Долли, будучи частым посетителем в доме, всегда вел предлинные разговоры. Они с мамой изрядно спорили, вначале меня это пугало, пока я не поняла, что это вовсе не серьезные ссоры.
Они называли друг друга бранными именами, и это могло бы встревожить меня, если бы я уже не слышала их раньше. Иногда Долли пулей вылетал из гостиной и демонстративно хлопал дверью, выходя из дома.
На кухне все было слышно, и мы невольно оказывались в курсе событий.
— Сегодня звучало очень скверно, — говорила миссис Кримп, — но попомните мое слово, он вернется.

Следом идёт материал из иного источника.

(* Let $k\ge 1$ be an integer and let $\vec G=(V,\vec E)$ be a directed graph whose underlying undirected graph $G=(V,E)$ has an $f$-weighted $\beta$-orientation for every mapping $f:E\to\mathbb{Z}_{2k+1}\setminus\{0\}$ and every $\mathbb{Z}_{2k+1}$-boundary $\beta$. For every arc $\vec e\in\vec E$, let $L(\vec e)$ be a set of two distinct elements of $\mathbb{Z}_{2k+1}$. Then for every $\mathbb{Z}_{2k+1}$-boundary $\beta$, $\vec G$ has a $\mathbb{Z}_{2k+1}$-flow $g$ with boundary $\beta$ such that $g(\vec e)\in L(\vec e)$ for every $\vec e\in\vec E$.
   Context: Graphs are finite and may have multiple edges but no loops. A $\mathbb{Z}_m$-boundary is a map $\beta:V\to\mathbb{Z}_m$ with $\sum_{v\in V}\beta(v)\equiv0\pmod m$. For an orientation (or directed graph) $\vec G$ and $v\in V$, $\delta^+_{\vec G}(v)$ (resp. $\delta^-_{\vec G}(v)$) is the set of arcs leaving (resp. entering) $v$, and for a weight map $h$ on edges/arcs, $\partial h(v)=\sum_{\vec e\in\delta^+_{\vec G}(v)}h(e)-\sum_{\vec e\in\delta^-_{\vec G}(v)}h(e)$. Given $f:E\to\mathbb{Z}_m$, an orientation of $G$ is an $f$-weighted $\beta$-orientation if $\partial f(v)\equiv\beta(v)\pmod m$ for all $v$. A $\mathbb{Z}_m$-flow with boundary $\beta$ in $\vec G$ is a map $g:\vec E\to\mathbb{Z}_m$ with $\partial g(v)\equiv\beta(v)\pmod m$ for all $v$. *)

theory Defs
  imports "HOL-Number_Theory.Cong"
begin

text \<open>Its underlying undirected graph has the same edge set E.\<close>

definition multidigraph :: "'v set \<Rightarrow> 'e set \<Rightarrow> ('e \<Rightarrow> 'v) \<Rightarrow> ('e \<Rightarrow> 'v) \<Rightarrow> bool" where
  "multidigraph V E tail head \<longleftrightarrow> finite V \<and> finite E \<and>
     (\<forall>e\<in>E. tail e \<in> V \<and> head e \<in> V \<and> tail e \<noteq> head e)"

definition zm :: "int \<Rightarrow> int set" where
  "zm m = {0..<m}"

definition is_boundary :: "int \<Rightarrow> 'v set \<Rightarrow> ('v \<Rightarrow> int) \<Rightarrow> bool" where
  "is_boundary m V \<beta> \<longleftrightarrow> (\<forall>v\<in>V. \<beta> v \<in> zm m) \<and> [(\<Sum>v\<in>V. \<beta> v) = 0] (mod m)"

definition bd :: "'e set \<Rightarrow> ('e \<Rightarrow> 'v) \<Rightarrow> ('e \<Rightarrow> 'v) \<Rightarrow> ('e \<Rightarrow> int) \<Rightarrow> 'v \<Rightarrow> int" where
  "bd E tail head h v = (\<Sum>e\<in>{e\<in>E. tail e = v}. h e) - (\<Sum>e\<in>{e\<in>E. head e = v}. h e)"

text \<open>An orientation of the underlying undirected graph is given by ori :: 'e => bool:
  ori e = True keeps the direction tail e -> head e, ori e = False reverses it.\<close>
definition weighted_orientation ::
  "int \<Rightarrow> 'v set \<Rightarrow> 'e set \<Rightarrow> ('e \<Rightarrow> 'v) \<Rightarrow> ('e \<Rightarrow> 'v) \<Rightarrow> ('e \<Rightarrow> int) \<Rightarrow> ('v \<Rightarrow> int) \<Rightarrow> ('e \<Rightarrow> bool) \<Rightarrow> bool" where
  "weighted_orientation m V E tail head f \<beta> ori \<longleftrightarrow>
     (\<forall>v\<in>V. [bd E (\<lambda>e. if ori e then tail e else head e) (\<lambda>e. if ori e then head e else tail e) f v = \<beta> v] (mod m))"

definition is_flow :: "int \<Rightarrow> 'v set \<Rightarrow> 'e set \<Rightarrow> ('e \<Rightarrow> 'v) \<Rightarrow> ('e \<Rightarrow> 'v) \<Rightarrow> ('v \<Rightarrow> int) \<Rightarrow> ('e \<Rightarrow> int) \<Rightarrow> bool" where
  "is_flow m V E tail head \<beta> g \<longleftrightarrow> (\<forall>e\<in>E. g e \<in> zm m) \<and> (\<forall>v\<in>V. [bd E tail head g v = \<beta> v] (mod m))"

end

theory Submission
  imports Defs
begin

text \<open>Since \<open>k + 1\<close> is the inverse of 2 modulo \<open>m = 2k + 1\<close>, every list \<open>L e = {a, b}\<close> can be
  written as \<open>{c + d, c - d}\<close> with midpoint \<open>c = (a + b)(k + 1)\<close> and half-difference
  \<open>d = (a - b)(k + 1)\<close>, where \<open>d \<noteq> 0\<close> because \<open>a \<noteq> b\<close>. Choosing \<open>a\<close> or \<open>b\<close> on every arc thus
  amounts to choosing a sign of \<open>d\<close>, i.e. an orientation. A \<open>d\<close>-weighted orientation for the
  shifted boundary \<open>\<beta> - \<partial>c\<close> therefore yields the required flow.\<close>

lemma bd_eq_sum:
  assumes "finite E"
  shows "bd E t hh w v = (\<Sum>e\<in>E. (if t e = v then w e else 0) - (if hh e = v then w e else 0))"
  unfolding bd_def using assms by (simp add: sum.inter_filter sum_subtractf)

lemma bd_add: "bd E t hh (\<lambda>e. x e + y e) v = bd E t hh x v + bd E t hh y v"
  unfolding bd_def by (simp add: sum.distrib)

lemma bd_cong:
  assumes "\<And>e. e \<in> E \<Longrightarrow> [h1 e = h2 e] (mod m)"
  shows "[bd E t hh h1 v = bd E t hh h2 v] (mod m)"
  unfolding bd_def using assms by (intro cong_diff cong_sum) auto

lemma sum_bd_eq_0:
  assumes "finite V" "finite E" "\<forall>e\<in>E. t e \<in> V \<and> hh e \<in> V"
  shows "(\<Sum>v\<in>V. bd E t hh h v) = 0"
proof -
  have "(\<Sum>v\<in>V. sum h {e\<in>E. t e = v}) = sum h E"
    by (rule sum.group) (use assms in auto)
  moreover have "(\<Sum>v\<in>V. sum h {e\<in>E. hh e = v}) = sum h E"
    by (rule sum.group) (use assms in auto)
  ultimately show ?thesis unfolding bd_def sum_subtractf by simp
qed

lemma bd_reorient:
  assumes "finite E"
  shows "bd E (\<lambda>e. if ori e then t e else hh e) (\<lambda>e. if ori e then hh e else t e) f v
       = bd E t hh (\<lambda>e. if ori e then f e else - f e) v"
  unfolding bd_eq_sum[OF assms] by (rule sum.cong) auto

lemma is_boundary_shift:
  assumes "m > 0" "is_boundary m V \<beta>" "finite V" "finite E" "\<forall>e\<in>E. t e \<in> V \<and> hh e \<in> V"
  shows "is_boundary m V (\<lambda>v. (\<beta> v - bd E t hh c v) mod m)"
  unfolding is_boundary_def
proof
  show "\<forall>v\<in>V. (\<beta> v - bd E t hh c v) mod m \<in> zm m"
    using assms(1) by (simp add: zm_def)
  have "[(\<Sum>v\<in>V. (\<beta> v - bd E t hh c v) mod m) = (\<Sum>v\<in>V. \<beta> v - bd E t hh c v)] (mod m)"
    by (intro cong_sum) (simp add: cong_def)
  also have "(\<Sum>v\<in>V. \<beta> v - bd E t hh c v) = (\<Sum>v\<in>V. \<beta> v)"
    using sum_bd_eq_0[OF assms(3-5)] by (simp add: sum_subtractf)
  also have "[\<dots> = 0] (mod m)"
    using assms(2) by (simp add: is_boundary_def)
  finally show "[(\<Sum>v\<in>V. (\<beta> v - bd E t hh c v) mod m) = 0] (mod m)" .
qed

lemma is_flow_of_weighted_orientation:
  assumes "finite E"
    and ori: "weighted_orientation m V E tail head f (\<lambda>v. (\<beta> v - bd E tail head c v) mod m) ori"
    and range: "\<forall>e\<in>E. g e \<in> zm m"
    and g: "\<And>e. e \<in> E \<Longrightarrow> [g e = c e + (if ori e then f e else - f e)] (mod m)"
  shows "is_flow m V E tail head \<beta> g"
  unfolding is_flow_def
proof (intro conjI range ballI)
  fix v assume "v \<in> V"
  let ?s = "\<lambda>e. if ori e then f e else - f e"
  have "[bd E tail head g v = bd E tail head (\<lambda>e. c e + ?s e) v] (mod m)"
    using g by (rule bd_cong)
  also have "bd E tail head (\<lambda>e. c e + ?s e) v = bd E tail head c v + bd E tail head ?s v"
    by (rule bd_add)
  also have "bd E tail head ?s v
      = bd E (\<lambda>e. if ori e then tail e else head e) (\<lambda>e. if ori e then head e else tail e) f v"
    by (rule bd_reorient[OF \<open>finite E\<close>, symmetric])
  also have "[bd E tail head c v + \<dots> = bd E tail head c v + (\<beta> v - bd E tail head c v) mod m] (mod m)"
    using ori \<open>v \<in> V\<close> unfolding weighted_orientation_def by (intro cong_add) auto
  also have "[bd E tail head c v + (\<beta> v - bd E tail head c v) mod m = \<beta> v] (mod m)"
    by (simp add: cong_def mod_add_right_eq)
  finally show "[bd E tail head g v = \<beta> v] (mod m)" .
qed

lemma cong_select_midpoint_half_diff:
  fixes a b f h m :: int
  assumes half: "[2 * h = 1] (mod m)" and f: "[f = (a - b) * h] (mod m)"
  shows "[(if s then a else b) = (a + b) * h + (if s then f else - f)] (mod m)"
proof -
  have "[(a + b) * h + (if s then f else - f)
      = (a + b) * h + (if s then (a - b) * h else - ((a - b) * h))] (mod m)"
    using f by (intro cong_add cong_refl) (simp add: cong_minus_minus_iff)
  also have "(a + b) * h + (if s then (a - b) * h else - ((a - b) * h))
      = (if s then a else b) * (2 * h)"
    by (simp add: algebra_simps)
  also have "[\<dots> = (if s then a else b) * 1] (mod m)"
    using half by (rule cong_scalar_left)
  finally show ?thesis by (simp add: cong_sym_eq)
qed

lemma half_diff_not_cong_0:
  fixes a b m :: int
  assumes "[2 * h = 1] (mod m)" "a \<in> zm m" "b \<in> zm m" "a \<noteq> b"
  shows "\<not> [(a - b) * h = 0] (mod m)"
proof
  assume "[(a - b) * h = 0] (mod m)"
  have "[a - b = (a - b) * (2 * h)] (mod m)"
    using cong_scalar_left[OF assms(1), of "a - b"] by (simp add: cong_sym)
  also have "(a - b) * (2 * h) = 2 * ((a - b) * h)" by simp
  also have "[2 * ((a - b) * h) = 2 * 0] (mod m)"
    using \<open>[(a - b) * h = 0] (mod m)\<close> by (rule cong_scalar_left)
  finally have "[a = b] (mod m)" by (simp add: cong_diff_iff_cong_0)
  with assms(2-4) show False by (simp add: zm_def cong_def)
qed

lemma two_mult_succ_cong_1: "[2 * (k + 1) = 1] (mod 2 * k + 1)" for k :: int
proof -
  have "2 * (k + 1) = 1 + (2 * k + 1)" by simp
  then show ?thesis by (simp only: cong_def mod_add_self2)
qed

theorem lemma9:
  fixes k :: int and V :: "'v set" and E :: "'e set" and tail head :: "'e \<Rightarrow> 'v"
    and L :: "'e \<Rightarrow> int set"
  assumes "k \<ge> 1"
    and "multidigraph V E tail head"
    and "\<forall>f \<beta>. (\<forall>e\<in>E. f e \<in> zm (2*k+1) - {0}) \<and> is_boundary (2*k+1) V \<beta> \<longrightarrow>
           (\<exists>ori. weighted_orientation (2*k+1) V E tail head f \<beta> ori)"
    and "\<forall>e\<in>E. L e \<subseteq> zm (2*k+1) \<and> card (L e) = 2"
  shows "\<forall>\<beta>. is_boundary (2*k+1) V \<beta> \<longrightarrow>
           (\<exists>g. is_flow (2*k+1) V E tail head \<beta> g \<and> (\<forall>e\<in>E. g e \<in> L e))"
proof (intro allI impI)
  fix \<beta> assume \<beta>: "is_boundary (2*k+1) V \<beta>"
  define m where "m = 2*k+1"
  have "m > 0" using assms(1) by (simp add: m_def)
  have half: "[2 * (k + 1) = 1] (mod m)" unfolding m_def by (rule two_mult_succ_cong_1)
  have fin: "finite V" "finite E" and ends: "\<forall>e\<in>E. tail e \<in> V \<and> head e \<in> V"
    using assms(2) unfolding multidigraph_def by auto
  obtain a b where ab: "\<forall>e\<in>E. L e = {a e, b e} \<and> a e \<noteq> b e"
    using assms(4) unfolding card_2_iff by metis
  then have ab_zm: "\<forall>e\<in>E. a e \<in> zm m \<and> b e \<in> zm m"
    using assms(4) by (auto simp: m_def)
  define c where "c e = (a e + b e) * (k + 1)" for e
  define f where "f e = ((a e - b e) * (k + 1)) mod m" for e
  have "\<forall>e\<in>E. f e \<in> zm m - {0}"
    using half_diff_not_cong_0[OF half] ab ab_zm \<open>m > 0\<close> by (auto simp: f_def zm_def cong_def)
  moreover have "is_boundary m V (\<lambda>v. (\<beta> v - bd E tail head c v) mod m)"
    using is_boundary_shift[OF \<open>m > 0\<close> \<beta>[folded m_def] fin ends] .
  ultimately obtain ori where
    ori: "weighted_orientation m V E tail head f (\<lambda>v. (\<beta> v - bd E tail head c v) mod m) ori"
    using assms(3)[folded m_def] by blast
  define g where "g e = (if ori e then a e else b e)" for e
  have "[f e = (a e - b e) * (k + 1)] (mod m)" for e
    by (simp add: f_def cong_def)
  then have g_cong: "[g e = c e + (if ori e then f e else - f e)] (mod m)" for e
    unfolding g_def c_def by (rule cong_select_midpoint_half_diff[OF half])
  have "is_flow m V E tail head \<beta> g"
    using ab_zm by (intro is_flow_of_weighted_orientation[OF fin(2) ori _ g_cong]) (auto simp: g_def)
  moreover have "\<forall>e\<in>E. g e \<in> L e" using ab by (simp add: g_def)
  ultimately show "\<exists>g. is_flow (2*k+1) V E tail head \<beta> g \<and> (\<forall>e\<in>E. g e \<in> L e)"
    unfolding m_def by blast
qed

end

Она всегда оказывалась права. Наступало примирение, и мы слышали, как сильным, чистым голосом мама напевала какую-нибудь песню из новой музыкальной комедии, которую он для нее раздобыл. Затем снова следовали частые визиты, пелись все новые и новые песни, порой опять разгорались споры, но никогда не доходило до разрыва. Затем начинались репетиции, бурные обсуждения и, наконец, генеральная репетиция и премьера.
Миссис Кримп купалась во всем этом. Она всегда все критиковала, но главное удовольствие получала тогда, когда критиковала тех, кто игнорировал ее советы. Так, например, было с именем моей мамы. «Дезире!» — произносила она насмешливо.
«С таким именем только и идти в постель», — добавляла Дженни и подсчитывала всех тех, кто не отказался бы пойти в постель с обладательницей такого имени.
— Я не желаю вести подобные разговоры на моей кухне, — заявляла миссис Кримп сурово. — Особенно… — далее следовал многозначительный кивок в мою сторону.
Я знала, конечно, что они имели в виду. Но не возражала. Все, что делала мама, было в моих глазах совершенным, и не ее вина, что так много людей влюблялись в нее.
Имена были пунктиком миссис Кримп. Она произносила их так, как, по ее мнению, следовало это делать. Моя мать была «Дейзи Рэй», а Робер Буше, элегантный француз, который тоже был у нас частым гостем, — «мось-ю-е Роббер».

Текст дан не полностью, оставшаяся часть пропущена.